The second motivation is tracking. A 3D tracker often keeps a Kalman-filter state for each object and performs association with box IoU or Mahalanobis distance. CenterPoint makes association almost embarrassingly direct: predict a ground-plane velocity for each current detection, project the current center back to the previous frame, and match to the closest old track of the same class. The paper reports strong tracking accuracy with only about 1 ms association overhead on nuScenes [1].

Method

Let a LiDAR point cloud be

P=\{(x_i,y_i,z_i,r_i)\}_{i=1}^{N},

where $r_i$ is reflectance. A standard point-cloud encoder such as VoxelNet, SECOND, or PointPillars converts $P$ into a BEV feature map

M \in \mathbb{R}^{W \times H \times F}.

The precise backbone is not the main contribution. CenterPoint can use voxel or pillar encoders [4], [5], [6]. The contribution is the output representation on top of $M$ .

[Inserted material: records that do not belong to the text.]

lemma bigop_eq_fold_op:
  assumes f: "uninorm f" and e: "e \<in> unit_int" "\<And>x. x \<in> unit_int \<Longrightarrow> f x e = x"
    and a: "\<And>i. i < n \<Longrightarrow> a i \<in> unit_int" and "n \<ge> 1"
  shows "bigop f a n = fold_op (clamped f) e a {..<n}"
proof -
  interpret abel_semigroup "clamped f"
    using f by (rule abel_semigroup_clamped)
  show ?thesis
    using \<open>n \<ge> 1\<close> a
  proof (induction n rule: nat_induct_at_least)
    case base
    then show ?case
      using e by (simp add: bigop_def lessThan_Suc)
  next
    case (Suc n)
    then have IH: "bigop f a n = fold_op (clamped f) e a {..<n}"
      by simp
    have "bigop f a n \<in> unit_int"
      unfolding IH using f e(1) by (rule fold_op_clamped_in_unit_int) simp
    have "bigop f a (Suc n) = f (bigop f a n) (a n)"
      using \<open>n \<ge> 1\<close> by (simp add: bigop_def)
    also have "\<dots> = clamped f (a n) (fold_op (clamped f) e a {..<n})"
      using Suc.prems f \<open>bigop f a n \<in> unit_int\<close> by (simp add: IH uninorm_commute)
    finally show ?case
      by (simp add: lessThan_Suc)
  qed
qed

lemma bigop_rearrangement:
  fixes f g :: binop and R :: "real \<Rightarrow> real \<Rightarrow> bool"
  assumes f: "uninorm f" and e: "e \<in> unit_int" "\<And>x. x \<in> unit_int \<Longrightarrow> f x e = x"
    and g: "\<And>x y. x \<in> unit_int \<Longrightarrow> y \<in> unit_int \<Longrightarrow> g x y \<in> unit_int"
    and R: "R = (\<le>) \<or> R = (\<ge>)"
    and exchange: "\<And>x1 x2 y1 y2. x1 \<in> unit_int \<Longrightarrow> x2 \<in> unit_int \<Longrightarrow> y1 \<in> unit_int \<Longrightarrow> y2 \<in> unit_int \<Longrightarrow>
        x1 \<le> x2 \<Longrightarrow> y1 \<le> y2 \<Longrightarrow> R (f (g x2 y1) (g x1 y2)) (f (g x1 y1) (g x2 y2))"
    and "n \<ge> 1" and x: "sorted_unit x n" and y: "sorted_unit y n" and \<sigma>: "\<sigma> permutes {..<n}"
  shows "R (bigop f (\<lambda>i. g (x (n - 1 - i)) (y i)) n) (bigop f (\<lambda>i. g (x (\<sigma> i)) (y i)) n) \<and>
    R (bigop f (\<lambda>i. g (x (\<sigma> i)) (y i)) n) (bigop f (\<lambda>i. g (x i) (y i)) n)"
proof -
  interpret abel_semigroup "clamped f"
    using f by (rule abel_semigroup_clamped)
  define h where "h i j = g (x i) (y j)" for i j
  have x_unit: "x i \<in> unit_int" and y_unit: "y i \<in> unit_int" if "i < n" for i
    using that x y by (auto simp: sorted_unit_def unit_int_def)
  have preorder: "reflp R" "transp R"
    using R by (auto simp: reflp_def transp_def)
  have mono: "R (clamped f a c) (clamped f b c)" if "R a b" for a b c
    using R that clamped_mono[OF f] by auto
  have h_exchange: "R (clamped f (h i' j) (h i j')) (clamped f (h i j) (h i' j'))"
    if "i \<le> i'" "j \<le> j'" "i' < n" "j' < n" for i i' j j'
    using that x y x_unit y_unit g unfolding h_def sorted_unit_def
    by (simp add: exchange)
  have fold_bounds:
    "R (fold_op (clamped f) e (\<lambda>i. h (n - 1 - i) i) {..<n}) (fold_op (clamped f) e (\<lambda>i. h (\<sigma> i) i) {..<n})"
    "R (fold_op (clamped f) e (\<lambda>i. h (\<sigma> i) i) {..<n}) (fold_op (clamped f) e (\<lambda>i. h i i) {..<n})"
    using fold_op_rearrangement_reverse[OF preorder mono h_exchange \<sigma>]
      fold_op_rearrangement[OF preorder mono h_exchange \<sigma>] by simp_all
  have bigop_fold: "bigop f (\<lambda>i. h (\<tau> i) i) n = fold_op (clamped f) e (\<lambda>i. h (\<tau> i) i) {..<n}"
    if "\<And>i. i < n \<Longrightarrow> \<tau> i < n" for \<tau>
    using f e \<open>n \<ge> 1\<close> that x_unit y_unit g unfolding h_def by (intro bigop_eq_fold_op) auto
  have "bigop f (\<lambda>i. h (n - 1 - i) i) n = fold_op (clamped f) e (\<lambda>i. h (n - 1 - i) i) {..<n}"
    "bigop f (\<lambda>i. h (\<sigma> i) i) n = fold_op (clamped f) e (\<lambda>i. h (\<sigma> i) i) {..<n}"
    "bigop f (\<lambda>i. h i i) n = fold_op (clamped f) e (\<lambda>i. h i i) {..<n}"
    using bigop_fold[of "\<lambda>i. n - 1 - i"] bigop_fold[of \<sigma>] bigop_fold[of id] permutes_in_image[OF \<sigma>]
    by auto
  with fold_bounds show ?thesis
    unfolding h_def by simp
qed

For each object class $k \in \{1,\ldots,K\}$ , the detector predicts a heatmap

\hat{Y}\in[0,1]^{W \times H \times K}.

The local maxima in $\hat{Y}_{:,:,k}$ are candidate centers for class $k$ . During training, an annotated 3D box is projected to a BEV grid center $q_i=(q_{ix},q_{iy})$ . For its class $c_i$ , CenterPoint renders a Gaussian target:

Y_{xyc_i}=\exp\left(-\frac{(x-q_{ix})^2+(y-q_{iy})^2}{2\sigma_i^2}\right).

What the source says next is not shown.